THE PROBLEM
The word "metis" occurs in some lines of the data. Return each such line.

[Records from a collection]
────────────────
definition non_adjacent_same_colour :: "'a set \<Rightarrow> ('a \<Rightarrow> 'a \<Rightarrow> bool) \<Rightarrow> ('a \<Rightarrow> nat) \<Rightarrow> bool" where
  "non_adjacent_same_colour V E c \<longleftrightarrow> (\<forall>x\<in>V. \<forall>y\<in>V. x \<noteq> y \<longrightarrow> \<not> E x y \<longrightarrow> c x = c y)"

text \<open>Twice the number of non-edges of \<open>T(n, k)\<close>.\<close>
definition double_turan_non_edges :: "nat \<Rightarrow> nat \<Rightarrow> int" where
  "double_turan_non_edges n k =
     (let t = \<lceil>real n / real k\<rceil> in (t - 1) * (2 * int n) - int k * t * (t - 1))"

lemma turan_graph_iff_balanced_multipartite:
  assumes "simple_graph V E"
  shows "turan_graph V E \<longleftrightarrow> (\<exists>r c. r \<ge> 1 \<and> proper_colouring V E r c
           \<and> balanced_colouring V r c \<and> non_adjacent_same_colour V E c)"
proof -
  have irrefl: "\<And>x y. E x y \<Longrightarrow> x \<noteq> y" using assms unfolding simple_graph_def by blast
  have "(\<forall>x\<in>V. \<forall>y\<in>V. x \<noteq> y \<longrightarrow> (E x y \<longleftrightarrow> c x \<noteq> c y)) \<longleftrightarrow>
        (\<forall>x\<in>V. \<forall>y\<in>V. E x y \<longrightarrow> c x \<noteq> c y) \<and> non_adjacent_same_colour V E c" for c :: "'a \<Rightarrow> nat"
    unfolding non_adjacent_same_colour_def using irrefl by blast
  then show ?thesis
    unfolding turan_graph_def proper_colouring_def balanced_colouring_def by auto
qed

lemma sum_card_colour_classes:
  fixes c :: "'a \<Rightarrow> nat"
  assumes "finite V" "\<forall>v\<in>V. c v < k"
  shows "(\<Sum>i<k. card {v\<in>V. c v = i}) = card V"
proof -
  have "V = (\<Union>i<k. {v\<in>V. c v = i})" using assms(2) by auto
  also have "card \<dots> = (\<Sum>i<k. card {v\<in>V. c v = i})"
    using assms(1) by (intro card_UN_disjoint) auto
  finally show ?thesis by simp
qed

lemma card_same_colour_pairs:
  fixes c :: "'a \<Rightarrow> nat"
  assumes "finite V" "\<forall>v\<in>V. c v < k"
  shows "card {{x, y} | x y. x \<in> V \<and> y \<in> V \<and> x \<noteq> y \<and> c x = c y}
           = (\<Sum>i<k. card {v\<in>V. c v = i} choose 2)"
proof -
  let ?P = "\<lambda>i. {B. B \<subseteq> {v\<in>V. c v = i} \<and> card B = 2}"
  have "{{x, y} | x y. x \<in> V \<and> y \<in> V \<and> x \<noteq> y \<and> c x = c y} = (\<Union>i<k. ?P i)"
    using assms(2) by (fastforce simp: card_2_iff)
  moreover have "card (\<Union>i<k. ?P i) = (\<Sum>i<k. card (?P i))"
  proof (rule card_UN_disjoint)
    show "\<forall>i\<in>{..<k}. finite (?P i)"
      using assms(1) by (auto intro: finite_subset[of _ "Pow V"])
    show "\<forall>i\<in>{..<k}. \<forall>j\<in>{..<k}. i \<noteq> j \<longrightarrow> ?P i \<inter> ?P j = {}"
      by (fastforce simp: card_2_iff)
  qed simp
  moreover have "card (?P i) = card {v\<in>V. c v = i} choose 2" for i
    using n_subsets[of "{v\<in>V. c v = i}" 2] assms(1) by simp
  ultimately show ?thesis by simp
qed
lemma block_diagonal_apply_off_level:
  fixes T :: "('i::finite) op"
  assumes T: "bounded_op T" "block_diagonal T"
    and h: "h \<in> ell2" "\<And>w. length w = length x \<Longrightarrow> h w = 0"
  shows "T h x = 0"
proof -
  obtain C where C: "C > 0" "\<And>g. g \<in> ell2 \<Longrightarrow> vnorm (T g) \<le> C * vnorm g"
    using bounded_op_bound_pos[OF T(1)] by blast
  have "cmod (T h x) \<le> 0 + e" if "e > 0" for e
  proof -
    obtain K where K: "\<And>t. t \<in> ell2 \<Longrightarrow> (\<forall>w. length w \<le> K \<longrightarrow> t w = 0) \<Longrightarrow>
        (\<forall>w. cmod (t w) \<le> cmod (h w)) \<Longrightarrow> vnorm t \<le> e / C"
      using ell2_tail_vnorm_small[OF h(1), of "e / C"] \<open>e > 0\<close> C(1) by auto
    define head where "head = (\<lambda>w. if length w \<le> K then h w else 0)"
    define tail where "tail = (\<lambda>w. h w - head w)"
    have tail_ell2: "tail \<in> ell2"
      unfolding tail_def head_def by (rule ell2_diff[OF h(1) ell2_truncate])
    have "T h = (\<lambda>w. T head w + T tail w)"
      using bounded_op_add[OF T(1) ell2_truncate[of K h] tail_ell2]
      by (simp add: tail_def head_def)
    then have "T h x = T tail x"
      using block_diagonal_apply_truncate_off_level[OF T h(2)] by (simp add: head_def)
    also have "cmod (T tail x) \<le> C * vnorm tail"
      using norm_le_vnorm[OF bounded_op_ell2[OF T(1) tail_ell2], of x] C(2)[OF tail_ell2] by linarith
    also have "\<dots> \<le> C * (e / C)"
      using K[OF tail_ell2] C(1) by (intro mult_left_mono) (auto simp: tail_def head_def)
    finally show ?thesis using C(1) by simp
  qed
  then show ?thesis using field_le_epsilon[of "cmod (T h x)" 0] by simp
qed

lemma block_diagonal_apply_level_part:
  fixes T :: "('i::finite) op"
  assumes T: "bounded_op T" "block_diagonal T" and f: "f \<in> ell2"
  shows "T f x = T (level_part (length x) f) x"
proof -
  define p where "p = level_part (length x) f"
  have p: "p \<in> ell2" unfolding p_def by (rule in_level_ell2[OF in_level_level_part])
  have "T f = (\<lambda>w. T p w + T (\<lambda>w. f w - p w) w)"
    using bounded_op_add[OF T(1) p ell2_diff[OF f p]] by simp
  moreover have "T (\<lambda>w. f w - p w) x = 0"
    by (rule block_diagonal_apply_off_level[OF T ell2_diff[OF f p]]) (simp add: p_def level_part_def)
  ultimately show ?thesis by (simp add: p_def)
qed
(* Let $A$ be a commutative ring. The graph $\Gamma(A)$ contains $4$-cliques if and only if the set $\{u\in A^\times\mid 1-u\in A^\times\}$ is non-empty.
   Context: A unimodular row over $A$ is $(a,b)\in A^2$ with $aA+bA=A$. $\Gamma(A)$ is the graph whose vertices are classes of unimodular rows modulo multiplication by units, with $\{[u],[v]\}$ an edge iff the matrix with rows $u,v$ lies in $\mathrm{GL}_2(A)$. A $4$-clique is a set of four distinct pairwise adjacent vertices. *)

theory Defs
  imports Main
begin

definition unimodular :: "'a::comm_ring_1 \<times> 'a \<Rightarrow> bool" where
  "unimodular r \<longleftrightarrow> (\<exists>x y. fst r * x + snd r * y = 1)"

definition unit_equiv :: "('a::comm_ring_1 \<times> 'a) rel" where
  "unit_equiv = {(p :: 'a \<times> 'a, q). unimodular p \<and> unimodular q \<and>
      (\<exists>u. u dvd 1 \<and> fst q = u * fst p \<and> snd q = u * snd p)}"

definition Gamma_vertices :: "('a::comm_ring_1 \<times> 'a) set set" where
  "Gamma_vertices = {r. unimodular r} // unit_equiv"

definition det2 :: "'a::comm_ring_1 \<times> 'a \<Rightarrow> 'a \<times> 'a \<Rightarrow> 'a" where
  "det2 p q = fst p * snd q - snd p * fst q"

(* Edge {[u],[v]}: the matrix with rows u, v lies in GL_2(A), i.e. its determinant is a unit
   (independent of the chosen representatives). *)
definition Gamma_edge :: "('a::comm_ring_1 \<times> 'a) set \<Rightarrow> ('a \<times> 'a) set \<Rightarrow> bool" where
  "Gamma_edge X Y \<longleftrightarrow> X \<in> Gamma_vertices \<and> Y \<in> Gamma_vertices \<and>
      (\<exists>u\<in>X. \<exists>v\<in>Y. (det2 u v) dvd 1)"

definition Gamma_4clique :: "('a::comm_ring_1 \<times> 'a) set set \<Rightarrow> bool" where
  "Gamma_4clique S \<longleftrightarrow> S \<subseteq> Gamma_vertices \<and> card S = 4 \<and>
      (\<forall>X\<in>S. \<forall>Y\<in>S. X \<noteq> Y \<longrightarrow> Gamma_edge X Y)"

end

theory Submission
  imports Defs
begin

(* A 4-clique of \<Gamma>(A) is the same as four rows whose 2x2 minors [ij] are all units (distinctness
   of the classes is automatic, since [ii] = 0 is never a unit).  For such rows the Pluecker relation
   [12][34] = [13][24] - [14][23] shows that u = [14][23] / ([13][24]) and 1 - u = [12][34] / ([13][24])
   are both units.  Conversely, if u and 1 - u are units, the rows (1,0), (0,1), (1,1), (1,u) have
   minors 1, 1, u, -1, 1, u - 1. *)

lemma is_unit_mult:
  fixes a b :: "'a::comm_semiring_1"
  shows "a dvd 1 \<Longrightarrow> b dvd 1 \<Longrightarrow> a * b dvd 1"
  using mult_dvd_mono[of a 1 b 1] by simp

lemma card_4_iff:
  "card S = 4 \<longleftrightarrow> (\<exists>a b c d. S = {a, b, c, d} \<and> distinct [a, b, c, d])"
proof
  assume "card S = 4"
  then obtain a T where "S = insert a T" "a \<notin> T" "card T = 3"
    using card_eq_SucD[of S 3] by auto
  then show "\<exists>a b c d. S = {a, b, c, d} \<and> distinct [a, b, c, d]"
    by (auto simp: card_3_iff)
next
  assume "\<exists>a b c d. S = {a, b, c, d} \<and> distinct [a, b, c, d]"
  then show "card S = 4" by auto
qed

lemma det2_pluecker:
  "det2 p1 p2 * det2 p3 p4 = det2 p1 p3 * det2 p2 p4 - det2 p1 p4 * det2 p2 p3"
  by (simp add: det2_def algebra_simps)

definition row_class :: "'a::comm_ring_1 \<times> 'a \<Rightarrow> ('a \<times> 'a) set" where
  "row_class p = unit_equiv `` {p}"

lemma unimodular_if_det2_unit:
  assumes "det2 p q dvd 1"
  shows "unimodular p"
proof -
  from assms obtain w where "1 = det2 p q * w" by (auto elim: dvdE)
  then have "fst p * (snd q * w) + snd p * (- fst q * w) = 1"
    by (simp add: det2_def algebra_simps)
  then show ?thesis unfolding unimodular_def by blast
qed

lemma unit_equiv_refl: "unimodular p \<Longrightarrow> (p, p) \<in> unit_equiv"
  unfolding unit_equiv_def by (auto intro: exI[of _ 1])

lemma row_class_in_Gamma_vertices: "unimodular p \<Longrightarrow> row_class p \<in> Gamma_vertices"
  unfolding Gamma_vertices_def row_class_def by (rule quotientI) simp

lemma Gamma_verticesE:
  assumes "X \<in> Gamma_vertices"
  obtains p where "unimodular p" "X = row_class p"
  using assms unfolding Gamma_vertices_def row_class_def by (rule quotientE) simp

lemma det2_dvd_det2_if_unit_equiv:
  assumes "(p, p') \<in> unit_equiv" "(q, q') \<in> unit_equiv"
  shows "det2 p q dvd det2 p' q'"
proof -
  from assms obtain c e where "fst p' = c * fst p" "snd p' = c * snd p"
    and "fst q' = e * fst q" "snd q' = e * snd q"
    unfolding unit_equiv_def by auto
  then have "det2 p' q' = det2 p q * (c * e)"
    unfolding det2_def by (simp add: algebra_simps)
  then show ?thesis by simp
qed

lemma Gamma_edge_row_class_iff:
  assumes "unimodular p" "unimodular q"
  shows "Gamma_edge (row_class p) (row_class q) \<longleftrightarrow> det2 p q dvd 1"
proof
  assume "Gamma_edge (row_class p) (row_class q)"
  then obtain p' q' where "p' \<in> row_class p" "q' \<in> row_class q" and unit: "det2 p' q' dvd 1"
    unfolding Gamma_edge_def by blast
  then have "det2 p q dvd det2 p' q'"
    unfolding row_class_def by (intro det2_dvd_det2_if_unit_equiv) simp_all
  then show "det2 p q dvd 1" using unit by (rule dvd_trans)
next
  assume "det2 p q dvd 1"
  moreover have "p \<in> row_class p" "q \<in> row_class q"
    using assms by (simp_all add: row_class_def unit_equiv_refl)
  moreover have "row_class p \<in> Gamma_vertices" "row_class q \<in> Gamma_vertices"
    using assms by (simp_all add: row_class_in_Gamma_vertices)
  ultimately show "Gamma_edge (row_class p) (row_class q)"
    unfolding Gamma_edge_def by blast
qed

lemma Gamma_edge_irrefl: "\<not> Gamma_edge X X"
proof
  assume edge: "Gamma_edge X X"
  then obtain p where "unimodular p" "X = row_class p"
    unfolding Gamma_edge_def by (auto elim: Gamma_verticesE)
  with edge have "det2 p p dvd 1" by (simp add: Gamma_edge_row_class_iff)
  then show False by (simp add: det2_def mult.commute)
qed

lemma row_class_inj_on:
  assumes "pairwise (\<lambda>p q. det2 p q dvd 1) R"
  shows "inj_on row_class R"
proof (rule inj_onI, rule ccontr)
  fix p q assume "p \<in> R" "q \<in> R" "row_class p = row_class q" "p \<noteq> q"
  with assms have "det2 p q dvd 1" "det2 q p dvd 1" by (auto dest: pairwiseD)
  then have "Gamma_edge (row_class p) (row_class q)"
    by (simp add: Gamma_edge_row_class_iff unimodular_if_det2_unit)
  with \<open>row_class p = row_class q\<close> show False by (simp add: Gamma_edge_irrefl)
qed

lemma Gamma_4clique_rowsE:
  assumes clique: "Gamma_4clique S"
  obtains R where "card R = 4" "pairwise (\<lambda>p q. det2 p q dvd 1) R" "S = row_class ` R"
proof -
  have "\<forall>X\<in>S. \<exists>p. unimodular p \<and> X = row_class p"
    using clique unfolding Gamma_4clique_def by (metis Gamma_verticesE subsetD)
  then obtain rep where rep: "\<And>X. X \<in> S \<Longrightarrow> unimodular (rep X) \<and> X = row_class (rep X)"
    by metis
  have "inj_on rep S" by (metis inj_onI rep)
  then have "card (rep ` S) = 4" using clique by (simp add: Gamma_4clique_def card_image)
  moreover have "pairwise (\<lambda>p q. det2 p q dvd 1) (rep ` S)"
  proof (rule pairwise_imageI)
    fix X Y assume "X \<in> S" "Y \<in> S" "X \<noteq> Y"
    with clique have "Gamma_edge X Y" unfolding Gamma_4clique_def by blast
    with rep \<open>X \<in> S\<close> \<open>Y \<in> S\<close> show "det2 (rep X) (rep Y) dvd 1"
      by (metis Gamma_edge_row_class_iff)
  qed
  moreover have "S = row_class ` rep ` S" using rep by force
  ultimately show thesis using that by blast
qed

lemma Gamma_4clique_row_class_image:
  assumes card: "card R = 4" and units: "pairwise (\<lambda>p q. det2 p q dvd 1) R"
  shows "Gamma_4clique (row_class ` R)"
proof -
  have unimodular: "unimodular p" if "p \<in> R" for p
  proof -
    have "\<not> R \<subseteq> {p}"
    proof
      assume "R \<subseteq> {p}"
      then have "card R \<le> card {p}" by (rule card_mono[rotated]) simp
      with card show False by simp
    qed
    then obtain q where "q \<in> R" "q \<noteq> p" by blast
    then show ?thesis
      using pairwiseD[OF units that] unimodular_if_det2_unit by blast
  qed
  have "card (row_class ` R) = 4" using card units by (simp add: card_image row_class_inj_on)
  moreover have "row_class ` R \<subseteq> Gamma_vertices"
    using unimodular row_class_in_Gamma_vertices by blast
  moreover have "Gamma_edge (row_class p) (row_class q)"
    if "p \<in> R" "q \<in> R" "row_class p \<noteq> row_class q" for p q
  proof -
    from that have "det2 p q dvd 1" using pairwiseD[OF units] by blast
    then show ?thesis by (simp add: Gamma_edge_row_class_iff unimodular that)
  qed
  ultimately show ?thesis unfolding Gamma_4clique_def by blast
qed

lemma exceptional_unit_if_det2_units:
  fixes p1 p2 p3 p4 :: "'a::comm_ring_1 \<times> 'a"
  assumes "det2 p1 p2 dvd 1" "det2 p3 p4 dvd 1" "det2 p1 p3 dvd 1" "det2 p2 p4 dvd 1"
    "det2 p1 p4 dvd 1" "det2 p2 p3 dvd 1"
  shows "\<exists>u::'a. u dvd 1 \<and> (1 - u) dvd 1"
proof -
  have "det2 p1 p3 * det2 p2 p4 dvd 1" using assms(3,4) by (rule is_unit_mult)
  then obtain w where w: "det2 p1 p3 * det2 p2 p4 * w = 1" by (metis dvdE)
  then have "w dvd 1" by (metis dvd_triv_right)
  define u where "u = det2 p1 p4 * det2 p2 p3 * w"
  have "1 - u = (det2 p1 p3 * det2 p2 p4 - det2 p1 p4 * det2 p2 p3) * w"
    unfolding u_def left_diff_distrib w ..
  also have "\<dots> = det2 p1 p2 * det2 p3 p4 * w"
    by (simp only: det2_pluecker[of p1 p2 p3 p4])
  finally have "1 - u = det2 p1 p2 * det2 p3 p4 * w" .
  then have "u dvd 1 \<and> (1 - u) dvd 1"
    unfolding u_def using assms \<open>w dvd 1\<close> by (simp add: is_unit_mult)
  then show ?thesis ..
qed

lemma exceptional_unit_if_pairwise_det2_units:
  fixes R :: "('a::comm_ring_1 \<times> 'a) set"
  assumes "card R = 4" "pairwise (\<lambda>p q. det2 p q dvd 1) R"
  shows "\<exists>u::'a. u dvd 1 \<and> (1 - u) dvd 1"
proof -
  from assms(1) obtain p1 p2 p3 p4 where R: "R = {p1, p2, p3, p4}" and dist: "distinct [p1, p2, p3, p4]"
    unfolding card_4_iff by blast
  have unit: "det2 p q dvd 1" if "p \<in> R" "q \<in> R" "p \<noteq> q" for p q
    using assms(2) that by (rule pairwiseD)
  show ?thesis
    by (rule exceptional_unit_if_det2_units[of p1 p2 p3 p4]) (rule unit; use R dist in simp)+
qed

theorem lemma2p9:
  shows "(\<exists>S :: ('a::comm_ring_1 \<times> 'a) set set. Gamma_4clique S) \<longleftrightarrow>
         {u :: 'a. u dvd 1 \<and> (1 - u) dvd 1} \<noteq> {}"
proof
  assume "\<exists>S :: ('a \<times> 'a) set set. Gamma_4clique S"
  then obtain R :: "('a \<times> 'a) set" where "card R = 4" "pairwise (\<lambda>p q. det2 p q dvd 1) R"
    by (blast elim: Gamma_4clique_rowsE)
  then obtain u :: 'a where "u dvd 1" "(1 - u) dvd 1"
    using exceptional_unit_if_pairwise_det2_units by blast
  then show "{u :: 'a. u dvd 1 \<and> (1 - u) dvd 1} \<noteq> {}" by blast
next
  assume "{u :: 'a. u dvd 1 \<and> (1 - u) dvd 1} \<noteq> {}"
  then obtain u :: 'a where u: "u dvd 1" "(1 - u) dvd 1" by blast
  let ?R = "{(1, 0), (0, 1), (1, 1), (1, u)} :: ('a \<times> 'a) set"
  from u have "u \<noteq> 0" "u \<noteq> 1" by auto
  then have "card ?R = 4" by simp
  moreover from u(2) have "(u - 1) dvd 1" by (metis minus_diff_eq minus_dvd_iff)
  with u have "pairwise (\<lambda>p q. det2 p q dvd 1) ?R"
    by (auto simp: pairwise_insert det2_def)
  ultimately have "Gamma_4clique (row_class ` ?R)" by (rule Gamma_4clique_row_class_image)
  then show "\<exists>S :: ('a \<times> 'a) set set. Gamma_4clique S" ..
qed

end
────────────────
WRITTEN RESPONSE
    using clique unfolding Gamma_4clique_def by (metis Gamma_verticesE subsetD)
    by metis
  have "inj_on rep S" by (metis inj_onI rep)
      by (metis Gamma_edge_row_class_iff)
  then obtain w where w: "det2 p1 p3 * det2 p2 p4 * w = 1" by (metis dvdE)
  then have "w dvd 1" by (metis dvd_triv_right)
  moreover from u(2) have "(u - 1) dvd 1" by (metis minus_diff_eq minus_dvd_iff)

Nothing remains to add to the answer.